13)  IMMIGRATION:  Singh v. INS, 01-71133 (9th Cir. Mar. 15, 2002) (unpublished).  Rymer, Kleinfeld, and McKeown, Circuit Judges.
         Singh, a Sikh native and citizen of India, petitioned for review of the BIA's dismissal of his appeal from an IJ's denial of his application for asylum and withholding of deportation.  The USCA denied the petition.  Substantial record evidence supported the BIA's determination that, assuming the truth of Singh's testimony, he failed to show past persecution.  Persecution is "the infliction of suffering or harm upon those who differ (in race, religion, or political opinion) in a way regarded as offensive."  Desir v. Illchert, 840 F.2d 723 (9th Cir. 1988), quoting Kovac v. INS, 407 F.2d 102 (9th Cir. 1969).  Whether Singh suffered persecution is a heavily fact-dependent issue perhaps best answered by comparing Singh's case with similar cases.  Singh was detained on two occasions because he and his father protested the police's treatment of the local Sikh community.  The first time, Singh was imprisoned for 24 hours, during which the police pulled his hair, slapped him, punched him in the stomach, disrespected his religion, and called him names.  About two weeks later, the police detained him for two days, during which time he was kept in a dark room, beaten, slapped, punched and dragged about by his hair.  Although troubling, Singh's treatment did not compel a finding of persecution.  It was far less severe than the physical abuse suffered by successful asylum petitioners.  Nor did Singh receive any death threats.

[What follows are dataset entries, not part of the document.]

(* Let $0<\rho_1<1$. There is $\epsilon_0\in(0,1)$ such that for every $0<\epsilon<\epsilon_0$ there is $q_0$ (depending on $\rho_1$ and $\epsilon$) such that the following holds for every prime $q\ge q_0$. Let $S\subseteq\mathbb{Z}/q\mathbb{Z}$ with $|S|\ge\rho_1 q$, and let $h$ be an integer with $1\le h\le q-1$ such that $S'=\{hs\bmod q : s\in S\}$ satisfies: for every integer $a$ with $|a|\le q/2$ and $|f_{S'}(a/q)|>\epsilon|S|$ one has $|a|<q^{1-\rho_1\epsilon^2}$. Let $k$ be an integer, $v$ an integer with $1\le v<q^{\rho_1\epsilon^2/4}$, and $W=W(k,v)$. Let $u$ be real with $5vq^{-\rho_1\epsilon^2}\le|u|\le\frac12$, and let $a$ be an integer with $|u-a/q|\le \frac{1}{2q}$. Then for all integers $N\ge 0$, $H\ge 1$ with $[N+1,N+H]\subseteq[0,q-1]$, $$\left|\sum_{s\in W,\ N+1\le s\le N+H} e\left(\frac{sa}{q}\right)\right|\ <\ 2|S|\left(\frac{\epsilon H}{\rho_1 q}\right)^{1/3}.$$
   Context: $e(u)=\exp(2\pi i u)$. For a finite set of integers $T$ (subsets of $\mathbb{Z}/q\mathbb{Z}$ being identified with their least nonnegative residues in $\{0,\dots,q-1\}$), $f_T(t)=\sum_{s\in T}e(st)$. Given $S,h$ as in the claim, an integer $k$ and an integer $v$ with $1\le v<q^{\rho_1\epsilon^2/4}$, $W(k,v)\subseteq\{0,1,\dots,q-1\}$ is the set of least nonnegative residues modulo $q$ of the numbers $(4v)^{-1}hs+k$, $s\in S$, where $(4v)^{-1}$ denotes the inverse of $4v$ modulo $q$. *)

theory Defs
  imports "HOL-Analysis.Analysis" "HOL-Number_Theory.Number_Theory"
begin

definition e :: "real \<Rightarrow> complex" where
  "e u = exp (2 * of_real pi * \<i> * of_real u)"

definition fT :: "int set \<Rightarrow> real \<Rightarrow> complex" where
  "fT T t = (\<Sum>s\<in>T. e (of_int s * t))"

definition W :: "int \<Rightarrow> int set \<Rightarrow> int \<Rightarrow> int \<Rightarrow> int \<Rightarrow> int set" where
  "W q S h k v = (\<lambda>s. (modular_inverse q (4 * v) * h * s + k) mod q) ` S"

end

theory Submission
  imports Defs
begin

(* Write q = 2m + 1 and I = [N+1, N+H]. Orthogonality of the characters modulo q gives
     q * sum_{s in W cap I} e(sa/q) = sum_{|r| <= m} D(r) F(r),
   D(r) = sum_{y in I} e(-ry/q),  F(r) = sum_{x in W} e(x(a+r)/q).
   Trivially |D(r)| <= H, Jordan's inequality gives |D(r)| <= q/(2|r|), and Parseval gives
   sum_r |F(r)|^2 = q|W|. Since W is an affine image of S, |F(r)| is the modulus of the
   exponential sum of S' at b/q for any b with 4vb = a + r (mod q); so the spectral hypothesis
   gives |F(r)| <= eps|S| unless a + r = 4vb with |b| < q^(1 - rho eps^2), and the lower bound
   on |u| rules this out for |r| <= 1/(rho eps). With theta = (eps H/(rho q))^(1/3), bounding the
   terms with |r| <= R ~ 1/(3 rho theta^2) by these facts and the others by Cauchy-Schwarz
   gives 2|S| theta; when theta^2 < 2 eps the trivial bound H already suffices. *)

section \<open>The additive character\<close>

lemma e_eq_exp_i: "e x = exp (\<i> * of_real (2 * pi * x))"
  unfolding e_def by (rule arg_cong[where f = exp]) (simp add: algebra_simps)

lemma e_add: "e (x + y) = e x * e y"
  unfolding e_def by (simp add: distrib_left exp_add)

lemma e_of_int [simp]: "e (of_int n) = 1"
proof -
  have "\<i> * of_real (2 * pi * of_int n) = \<i> * (of_int n * (of_real pi * 2))"
    by simp
  then show ?thesis
    unfolding e_eq_exp_i by (simp only: exp_2pi_1_int)
qed

lemma e_0 [simp]: "e 0 = 1"
  by (simp add: e_def)

lemma norm_e [simp]: "norm (e x) = 1"
  unfolding e_eq_exp_i by (rule norm_exp_i_times)

lemma e_of_nat_mult: "e (of_nat n * x) = e x ^ n"
proof -
  have "\<i> * of_real (2 * pi * (of_nat n * x)) = of_nat n * (\<i> * of_real (2 * pi * x))"
    by simp
  then show ?thesis
    unfolding e_eq_exp_i by (simp only: exp_of_nat_mult)
qed

lemma e_minus: "e (- x) = cnj (e x)"
  unfolding e_eq_exp_i exp_cnj by simp

lemma e_eq_1_iff: "e x = 1 \<longleftrightarrow> x \<in> \<int>"
proof
  assume "e x = 1"
  then obtain n :: int where "Im (2 * of_real pi * \<i> * of_real x) = of_int (2 * n) * pi"
    unfolding e_def exp_eq_1 by blast
  then have "x = of_int n"
    by simp
  then show "x \<in> \<int>"
    by simp
qed (auto elim: Ints_cases)

lemma norm_e_minus_1: "norm (e x - 1) = 2 * \<bar>sin (pi * x)\<bar>"
  unfolding e_eq_exp_i using dist_exp_i_1[of "2 * pi * x"] by simp

lemma e_cong:
  assumes "[x = y] (mod q)"
  shows "e (of_int x / of_int q) = e (of_int y / of_int q)"
proof (cases "q = 0")
  case False
  from assms obtain k where "x = y + q * k"
    by (metis cong_iff_lin cong_sym)
  with False have "of_int x / of_int q = of_int y / of_int q + (of_int k :: real)"
    by (simp add: field_simps)
  then show ?thesis
    by (simp add: e_add)
qed (use assms in \<open>simp add: cong_def\<close>)

lemma Jordan_inequality:
  fixes x :: real
  assumes "0 \<le> x" "x \<le> pi / 2"
  shows "2 / pi * x \<le> sin x"
proof -
  have "concave_on {0..pi / 2} sin"
    by (rule f''_le0_imp_concave[where f' = cos and f'' = "\<lambda>x. - sin x"])
       (auto intro!: derivative_eq_intros sin_ge_zero)
  then show ?thesis
    using concave_onD_Icc'[of 0 "pi / 2" sin x] assms by simp
qed

section \<open>Exponential sums over intervals and complete residue systems\<close>

lemma fT_minus: "fT X (- t) = cnj (fT X t)"
  unfolding fT_def by (simp add: e_minus[symmetric])

lemma norm_fT_le_card: "norm (fT X t) \<le> card X"
  unfolding fT_def using norm_sum[of "\<lambda>s. e (of_int s * t)" X] by simp

lemma fT_atLeastAtMost:
  "fT {L..U} t = e (of_int L * t) * (\<Sum>j<nat (U - L + 1). e t ^ j)"
proof -
  have "fT {L..U} t = (\<Sum>j<nat (U - L + 1). e (of_int (L + int j) * t))"
    unfolding fT_def
    by (rule sum.reindex_bij_witness[where i = "\<lambda>j. L + int j" and j = "\<lambda>s. nat (s - L)"]) auto
  also have "\<dots> = (\<Sum>j<nat (U - L + 1). e (of_int L * t) * e t ^ j)"
    by (simp add: distrib_right e_add e_of_nat_mult)
  finally show ?thesis
    by (simp add: sum_distrib_left)
qed

lemma norm_fT_atLeastAtMost_le:
  assumes "0 < \<bar>t\<bar>" "\<bar>t\<bar> \<le> 1 / 2"
  shows "norm (fT {L..U} t) \<le> 1 / (2 * \<bar>t\<bar>)"
proof -
  define n where "n = nat (U - L + 1)"
  have "2 / pi * (pi * \<bar>t\<bar>) \<le> sin (pi * \<bar>t\<bar>)"
    using assms by (intro Jordan_inequality) auto
  moreover have "\<bar>sin (pi * t)\<bar> = \<bar>sin (pi * \<bar>t\<bar>)\<bar>"
    by (cases "0 \<le> t") simp_all
  ultimately have dist: "4 * \<bar>t\<bar> \<le> norm (e t - 1)"
    by (simp add: norm_e_minus_1)
  then have "e t \<noteq> 1"
    using assms by auto
  then have "norm (fT {L..U} t) = norm (e t ^ n - 1) / norm (e t - 1)"
    by (simp add: fT_atLeastAtMost n_def geometric_sum norm_mult norm_divide)
  also have "\<dots> \<le> 2 / (4 * \<bar>t\<bar>)"
  proof (rule frac_le)
    show "norm (e t ^ n - 1) \<le> 2"
      using norm_triangle_ineq4[of "e t ^ n" 1] by (simp add: norm_power)
  qed (use assms dist in auto)
  finally show ?thesis
    by simp
qed

lemma fT_symmetric_residues:
  assumes q: "q = 2 * m + 1" "0 \<le> m"
  shows "fT {-m..m} (of_int d / of_int q) = (if q dvd d then of_int q else 0)"
proof (cases "q dvd d")
  case True
  then obtain n where "d = q * n" ..
  have "e (of_int s * (of_int d / of_int q)) = 1" for s
  proof -
    have "of_int s * (of_int d / of_int q) = (of_int (s * n) :: real)"
      using q \<open>d = q * n\<close> by simp
    then show ?thesis
      by (metis e_of_int)
  qed
  then have "fT {-m..m} (of_int d / of_int q) = of_nat (card {-m..m})"
    by (simp add: fT_def)
  with True q show ?thesis
    by simp
next
  case False
  define z where "z = e (of_int d / of_int q)"
  have "z \<noteq> 1"
  proof
    assume "z = 1"
    then obtain n where "of_int d / of_int q = (of_int n :: real)"
      unfolding z_def e_eq_1_iff by (auto elim: Ints_cases)
    with q have "real_of_int d = real_of_int (q * n)"
      by (simp add: field_simps)
    then have "d = q * n"
      by (rule of_int_eq_iff[THEN iffD1])
    with False show False
      by simp
  qed
  moreover have "z ^ nat q = 1"
    using q by (simp add: z_def e_of_nat_mult[symmetric])
  ultimately have "(\<Sum>j<nat q. z ^ j) = 0"
    by (simp add: geometric_sum)
  moreover have "nat (m - - m + 1) = nat q"
    using q by simp
  ultimately show ?thesis
    using False by (simp add: fT_atLeastAtMost z_def)
qed

lemma norm_fT_atLeastAtMost_residue_le:
  assumes "q = 2 * m + 1" "r \<in> {-m..m}" "r \<noteq> 0"
  shows "norm (fT {L..U} (- of_int r / of_int q)) \<le> of_int q / (2 * \<bar>of_int r\<bar>)"
proof -
  have "0 < \<bar>- of_int r / real_of_int q\<bar>" "\<bar>- of_int r / real_of_int q\<bar> \<le> 1 / 2"
    using assms by (auto simp: field_simps)
  from norm_fT_atLeastAtMost_le[OF this] show ?thesis
    using assms by (simp add: field_simps)
qed

lemma fT_symmetric_residues_diff:
  assumes q: "q = 2 * m + 1" "0 \<le> m" and xy: "x \<in> {0..<q}" "y \<in> {0..<q}"
  shows "fT {-m..m} (of_int (x - y) / of_int q) = (if x = y then of_int q else 0)"
proof -
  from xy have "q dvd x - y \<longleftrightarrow> x = y"
    using cong_less_imp_eq_int[of x q y] by (auto simp: cong_iff_dvd_diff[symmetric])
  with fT_symmetric_residues[OF q, of "x - y"] show ?thesis
    by simp
qed

lemma sum_fT_mult_fT:
  assumes q: "q = 2 * m + 1" "0 \<le> m" and X: "X \<subseteq> {0..<q}" and Y: "Y \<subseteq> {0..<q}"
  shows "(\<Sum>r\<in>{-m..m}. fT X (of_int (\<alpha> + r) / of_int q) * fT Y (of_int (\<beta> - r) / of_int q))
       = of_int q * fT (X \<inter> Y) (of_int (\<alpha> + \<beta>) / of_int q)"
proof -
  have q0: "of_int q \<noteq> (0 :: real)"
    using q by simp
  have fin: "finite X" "finite Y"
    using X Y by (auto intro: finite_subset)
  define c where "c x y = e (of_int (x * \<alpha> + y * \<beta>) / of_int q)" for x y
  have "fT X (of_int (\<alpha> + r) / of_int q) * fT Y (of_int (\<beta> - r) / of_int q)
      = (\<Sum>x\<in>X. \<Sum>y\<in>Y. c x y * e (of_int r * (of_int (x - y) / of_int q)))" for r
    unfolding fT_def sum_product
  proof (intro sum.cong refl)
    fix x y
    have "of_int x * (of_int (\<alpha> + r) / of_int q) + of_int y * (of_int (\<beta> - r) / of_int q)
        = of_int (x * \<alpha> + y * \<beta>) / of_int q + of_int r * (of_int (x - y) / of_int q :: real)"
      using q0 by (simp add: field_simps)
    then show "e (of_int x * (of_int (\<alpha> + r) / of_int q)) * e (of_int y * (of_int (\<beta> - r) / of_int q))
        = c x y * e (of_int r * (of_int (x - y) / of_int q))"
      unfolding c_def e_add[symmetric] by simp
  qed
  then have "(\<Sum>r\<in>{-m..m}. fT X (of_int (\<alpha> + r) / of_int q) * fT Y (of_int (\<beta> - r) / of_int q))
      = (\<Sum>r\<in>{-m..m}. \<Sum>x\<in>X. \<Sum>y\<in>Y. c x y * e (of_int r * (of_int (x - y) / of_int q)))"
    by simp
  also have "\<dots> = (\<Sum>x\<in>X. \<Sum>r\<in>{-m..m}. \<Sum>y\<in>Y. c x y * e (of_int r * (of_int (x - y) / of_int q)))"
    by (rule sum.swap)
  also have "\<dots> = (\<Sum>x\<in>X. \<Sum>y\<in>Y. \<Sum>r\<in>{-m..m}. c x y * e (of_int r * (of_int (x - y) / of_int q)))"
    by (intro sum.cong refl sum.swap)
  also have "\<dots> = (\<Sum>x\<in>X. \<Sum>y\<in>Y. c x y * fT {-m..m} (of_int (x - y) / of_int q))"
    unfolding fT_def by (simp add: sum_distrib_left)
  also have "\<dots> = (\<Sum>x\<in>X. \<Sum>y\<in>Y. if x = y then of_int q * c x x else 0)"
  proof (intro sum.cong refl)
    fix x y
    assume "x \<in> X" "y \<in> Y"
    with X Y have "x \<in> {0..<q}" "y \<in> {0..<q}"
      by auto
    then show "c x y * fT {-m..m} (of_int (x - y) / of_int q) = (if x = y then of_int q * c x x else 0)"
      using fT_symmetric_residues_diff[OF q] by simp
  qed
  also have "\<dots> = of_int q * (\<Sum>x\<in>X \<inter> Y. c x x)"
    using fin by (simp add: sum.inter_restrict sum_distrib_left if_distrib[of "\<lambda>z. _ * z"] cong: if_cong)
  also have "(\<Sum>x\<in>X \<inter> Y. c x x) = fT (X \<inter> Y) (of_int (\<alpha> + \<beta>) / of_int q)"
    unfolding fT_def c_def by (simp add: algebra_simps)
  finally show ?thesis .
qed
(* Let $\Omega\subset\mathbb{R}^n$, $n\in\mathbb{N}$, be a bounded smooth domain. Let $\alpha\ge0$, $\kappa\ge0$, $T\in(0,\infty]$, and let the nonnegative functions $u,v\in C^0(\overline\Omega\times[0,T))\cap C^{2,1}(\overline\Omega\times(0,T))$ solve \[ u_t=\Delta u-\nabla\cdot\Big(\frac{u}{(1+u)^\alpha}\nabla v\Big)-uw+\kappa-u,\qquad v_t=\Delta v+uw-v\qquad\text{in }\Omega\times(0,T), \] with $\partial_\nu u=\partial_\nu v=\partial_\nu w=0$ on $\partial\Omega\times(0,T)$, for some function $w$. Then \[ \int_\Omega u(\cdot,t)+\int_\Omega v(\cdot,t)=e^{-t}\Big(\int_\Omega u(\cdot,0)+\int_\Omega v(\cdot,0)\Big)+\kappa|\Omega|(1-e^{-t})\qquad\text{for all }t\in(0,T). \]
   Context: $\nu$ denotes the outward unit normal on $\partial\Omega$, $\partial_\nu=\nu\cdot\nabla$, and $|\Omega|$ is the Lebesgue measure of $\Omega$. *)

theory Defs
  imports "HOL-Analysis.Analysis"
begin

text \<open>Space variable: x :: real^'n (Euclidean n-space, n = CARD('n) \<ge> 1).
  Time: real.  Functions of (x,t) are curried: u :: real^'n \<Rightarrow> real \<Rightarrow> real.\<close>

fun Ck :: "nat \<Rightarrow> (real^'n \<Rightarrow> real) \<Rightarrow> bool" where
  "Ck 0 f = continuous_on UNIV f"
| "Ck (Suc k) f = (\<exists>f'. (\<forall>x. (f has_derivative f' x) (at x)) \<and>
                          (\<forall>i. Ck k (\<lambda>x. f' x (axis i 1))))"

definition smooth_fun :: "(real^'n \<Rightarrow> real) \<Rightarrow> bool" where
  "smooth_fun f \<longleftrightarrow> (\<forall>k. Ck k f)"

definition grad :: "(real^'n \<Rightarrow> real) \<Rightarrow> real^'n \<Rightarrow> real^'n" where
  "grad f x = (\<chi> i. frechet_derivative f (at x) (axis i 1))"

definition diverg :: "(real^'n \<Rightarrow> real^'n) \<Rightarrow> real^'n \<Rightarrow> real" where
  "diverg F x = (\<Sum>i\<in>UNIV. frechet_derivative (\<lambda>y. F y $ i) (at x) (axis i 1))"

definition lapl :: "(real^'n \<Rightarrow> real) \<Rightarrow> real^'n \<Rightarrow> real" where
  "lapl f x = diverg (grad f) x"

definition defining_fun :: "(real^'n) set \<Rightarrow> (real^'n \<Rightarrow> real) \<Rightarrow> bool" where
  "defining_fun \<Omega> \<rho> \<longleftrightarrow> smooth_fun \<rho> \<and> \<Omega> = {x. \<rho> x < 0} \<and>
      (\<forall>x. \<rho> x = 0 \<longrightarrow> grad \<rho> x \<noteq> 0)"

text \<open>Bounded smooth domain: bounded, open, connected, with C^\<infinity> boundary
  (expressed through a global smooth defining function).\<close>
definition bounded_smooth_domain :: "(real^'n) set \<Rightarrow> bool" where
  "bounded_smooth_domain \<Omega> \<longleftrightarrow> \<Omega> \<noteq> {} \<and> open \<Omega> \<and> connected \<Omega> \<and> bounded \<Omega> \<and>
      (\<exists>\<rho>. defining_fun \<Omega> \<rho>)"

text \<open>Outward unit normal at a boundary point (independent of the chosen defining function).\<close>
definition outward_normal :: "(real^'n) set \<Rightarrow> real^'n \<Rightarrow> real^'n" where
  "outward_normal \<Omega> x = (SOME \<nu>. \<exists>\<rho>. defining_fun \<Omega> \<rho> \<and> \<nu> = (1 / norm (grad \<rho> x)) *\<^sub>R grad \<rho> x)"

definition neumann_zero_at :: "(real^'n) set \<Rightarrow> (real^'n \<Rightarrow> real) \<Rightarrow> real^'n \<Rightarrow> bool" where
  "neumann_zero_at \<Omega> f x \<longleftrightarrow>
     (\<exists>D. (f has_derivative D) (at x within closure \<Omega>) \<and> D (outward_normal \<Omega> x) = 0)"

definition time_open :: "ereal \<Rightarrow> real set" where
  "time_open T = {t. 0 < t \<and> ereal t < T}"

definition time_closed0 :: "ereal \<Rightarrow> real set" where
  "time_closed0 T = {t. 0 \<le> t \<and> ereal t < T}"

definition C0_space :: "(real^'n) set \<Rightarrow> ereal \<Rightarrow> (real^'n \<Rightarrow> real \<Rightarrow> real) \<Rightarrow> bool" where
  "C0_space \<Omega> T u \<longleftrightarrow> continuous_on (closure \<Omega> \<times> time_closed0 T) (\<lambda>(x,t). u x t)"

definition C21_space :: "(real^'n) set \<Rightarrow> ereal \<Rightarrow> (real^'n \<Rightarrow> real \<Rightarrow> real) \<Rightarrow> bool" where
  "C21_space \<Omega> T u \<longleftrightarrow>
    (\<exists>ut gu hu.
       (\<forall>x\<in>closure \<Omega>. \<forall>t\<in>time_open T.
          ((\<lambda>s. u x s) has_real_derivative ut x t) (at t) \<and>
          ((\<lambda>y. u y t) has_derivative (\<lambda>h. gu x t \<bullet> h)) (at x within closure \<Omega>) \<and>
          ((\<lambda>y. gu y t) has_derivative (\<lambda>h. hu x t *v h)) (at x within closure \<Omega>)) \<and>
       continuous_on (closure \<Omega> \<times> time_open T) (\<lambda>(x,t). ut x t) \<and>
       continuous_on (closure \<Omega> \<times> time_open T) (\<lambda>(x,t). gu x t) \<and>
       continuous_on (closure \<Omega> \<times> time_open T) (\<lambda>(x,t). hu x t))"

end

theory Submission
  imports Defs
begin

text \<open>Adding the two equations, the cross terms $\pm uw$ cancel and the total density obeys
  $\partial_t(u+v) = \nabla\cdot F + \kappa - (u+v)$ with the flux
  $F = \nabla u + \nabla v - \frac{u}{(1+u)^\alpha}\nabla v$, which is tangent to the boundary
  by the Neumann conditions. The divergence theorem makes $\int_\Omega \nabla\cdot F$ vanish, so the
  mass $y(t) = \int_\Omega u + \int_\Omega v$ solves $y' = \kappa|\Omega| - y$, whose solution is the
  stated formula. The divergence theorem is proved from scratch for a domain
  $\Omega = \{\rho < 0\}$: the field $\mathrm{cutoff}(\rho/\varepsilon) F$ is compactly supported in
  $\Omega$, so its divergence integrates to zero, and the boundary-layer term disappears as
  $\varepsilon \to 0$ because $F\cdot\nabla\rho$ vanishes on $\partial\Omega$.\<close>

section \<open>A $C^1$ cutoff function\<close>

definition cutoff :: "real \<Rightarrow> real" where
  "cutoff s = (if s \<le> -2 then 1 else if s \<ge> -1 then 0 else 1 - (3*(s+2)^2 - 2*(s+2)^3))"

definition cutoff_deriv :: "real \<Rightarrow> real" where
  "cutoff_deriv s = (if s \<le> -2 then 0 else if s \<ge> -1 then 0 else -(6*(s+2) - 6*(s+2)^2))"

lemma cutoff_eq_1: "s \<le> -2 \<Longrightarrow> cutoff s = 1"
  by (simp add: cutoff_def)

lemma cutoff_eq_0: "s \<ge> -1 \<Longrightarrow> cutoff s = 0"
  by (simp add: cutoff_def)

lemma cutoff_deriv_eq_0: "s \<ge> -1 \<or> s \<le> -2 \<Longrightarrow> cutoff_deriv s = 0"
  by (auto simp: cutoff_deriv_def)

lemma has_real_derivative_from_both_sides:
  fixes f :: "real \<Rightarrow> real"
  assumes "(f has_real_derivative D) (at x within {..x})"
      and "(f has_real_derivative D) (at x within {x..})"
  shows "(f has_real_derivative D) (at x)"
proof -
  have "((\<lambda>y. (f y - f x) / (y - x)) \<longlongrightarrow> D) (at x within ({..x} \<union> {x..}))"
    using assms by (simp add: Lim_within_Un has_field_derivative_iff)
  moreover have "{..x} \<union> {x..} = (UNIV::real set)" by auto
  ultimately show ?thesis by (simp add: has_field_derivative_iff)
qed

lemma cutoff_has_real_derivative: "(cutoff has_real_derivative cutoff_deriv s) (at s)"
proof -
  let ?p = "\<lambda>s::real. 1 - (3*(s+2)^2 - 2*(s+2)^3)" and ?p' = "\<lambda>s::real. -(6*(s+2) - 6*(s+2)^2)"
  have p: "(?p has_real_derivative ?p' s) (at s within S)" for S
    by (auto intro!: derivative_eq_intros simp: algebra_simps power2_eq_square)
  have on_open: "(cutoff has_real_derivative cutoff_deriv s) (at s)"
    if "open S" "s \<in> S" "(g has_real_derivative cutoff_deriv s) (at s within S)"
       "\<And>x. x \<in> S \<Longrightarrow> cutoff x = g x" for S g
    using that by (metis at_within_open has_field_derivative_transform_within_open)
  consider "s < -2" | "s = -2" | "-2 < s \<and> s < -1" | "s = -1" | "s > -1" by linarith
  then show ?thesis
  proof cases
    case 1
    then show ?thesis
      by (intro on_open[of "{..< -2}" "\<lambda>_. 1"]) (auto simp: cutoff_def cutoff_deriv_def)
  next
    case 3
    then show ?thesis
      by (intro on_open[of "{-2<..<-1}" ?p] p[THEN DERIV_cong]) (auto simp: cutoff_def cutoff_deriv_def)
  next
    case 5
    then show ?thesis
      by (intro on_open[of "{-1<..}" "\<lambda>_. 0"]) (auto simp: cutoff_def cutoff_deriv_def)
  next
    case 2
    have "(cutoff has_real_derivative 0) (at s within {..s})"
      by (rule has_field_derivative_transform_within[OF DERIV_const[of 1], where d=1])
         (use 2 in \<open>auto simp: cutoff_def\<close>)
    moreover have "(cutoff has_real_derivative ?p' s) (at s within {s..})"
      using 2 by (intro has_field_derivative_transform_within[OF p, where d="1/2" and g=cutoff])
        (auto simp: cutoff_def dist_real_def)
    ultimately show ?thesis using 2 has_real_derivative_from_both_sides by (simp add: cutoff_deriv_def)
  next
    case 4
    have "(cutoff has_real_derivative ?p' s) (at s within {..s})"
      using 4 by (intro has_field_derivative_transform_within[OF p, where d="1/2" and g=cutoff])
        (auto simp: cutoff_def dist_real_def)
    moreover have "(cutoff has_real_derivative 0) (at s within {s..})"
      by (rule has_field_derivative_transform_within[OF DERIV_const[of 0], where d=1])
         (use 4 in \<open>auto simp: cutoff_def\<close>)
    ultimately show ?thesis using 4 has_real_derivative_from_both_sides by (simp add: cutoff_deriv_def)
  qed
qed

        Substantial record evidence supported the BIA's second finding that Singh failed to show a well-founded fear of future persecution.  To establish that, the applicant must show that his fear is genuine and objectively reasonable.  The objective component may be satisfied by the production of specific documentary evidence or by the credible and persuasive testimony of the applicant.  Evidence that a member of the applicant's family suffered past persecution may establish that the applicant has a well-founded fear of future persecution.  But there was little evidence to support Singh's contention that his father was killed by Indian police.  To the contrary, it appears Sikh militants had a motive to murder Singh's father, who advocated for the rights of "innocent," nonmilitant Sikhs.  The record indicated that Sikh militants have killed Sikh civilians who did not support the establishment of an independent Sikh state.  Further, Singh's testimony as to a farmer's recounting of his father's death was inconsistent; at one point Singh stated that the farmer saw the police shoot and kill his father;  at another point he testified that the farmer only heard gunshots from afar and subsequently discovered his father's body.  Finally, Singh's family friend's testimony that he thought the police killed Singh's father was unpersuasive;  he was out of the country when the killing occurred and was unable to produce any direct evidence to support his opinion.  Thus, as the record did not compel a finding that Singh's father was killed by the Indian police, substantial evidence supported the conclusion that Singh failed to show a well-founded fear of future persecution.  As the record did not compel a finding of persecution or a well-founded fear thereof, it necessarily did not compel a finding that Singh was entitled to withholding of deportation, which requires a more stringent showing than that required for asylum.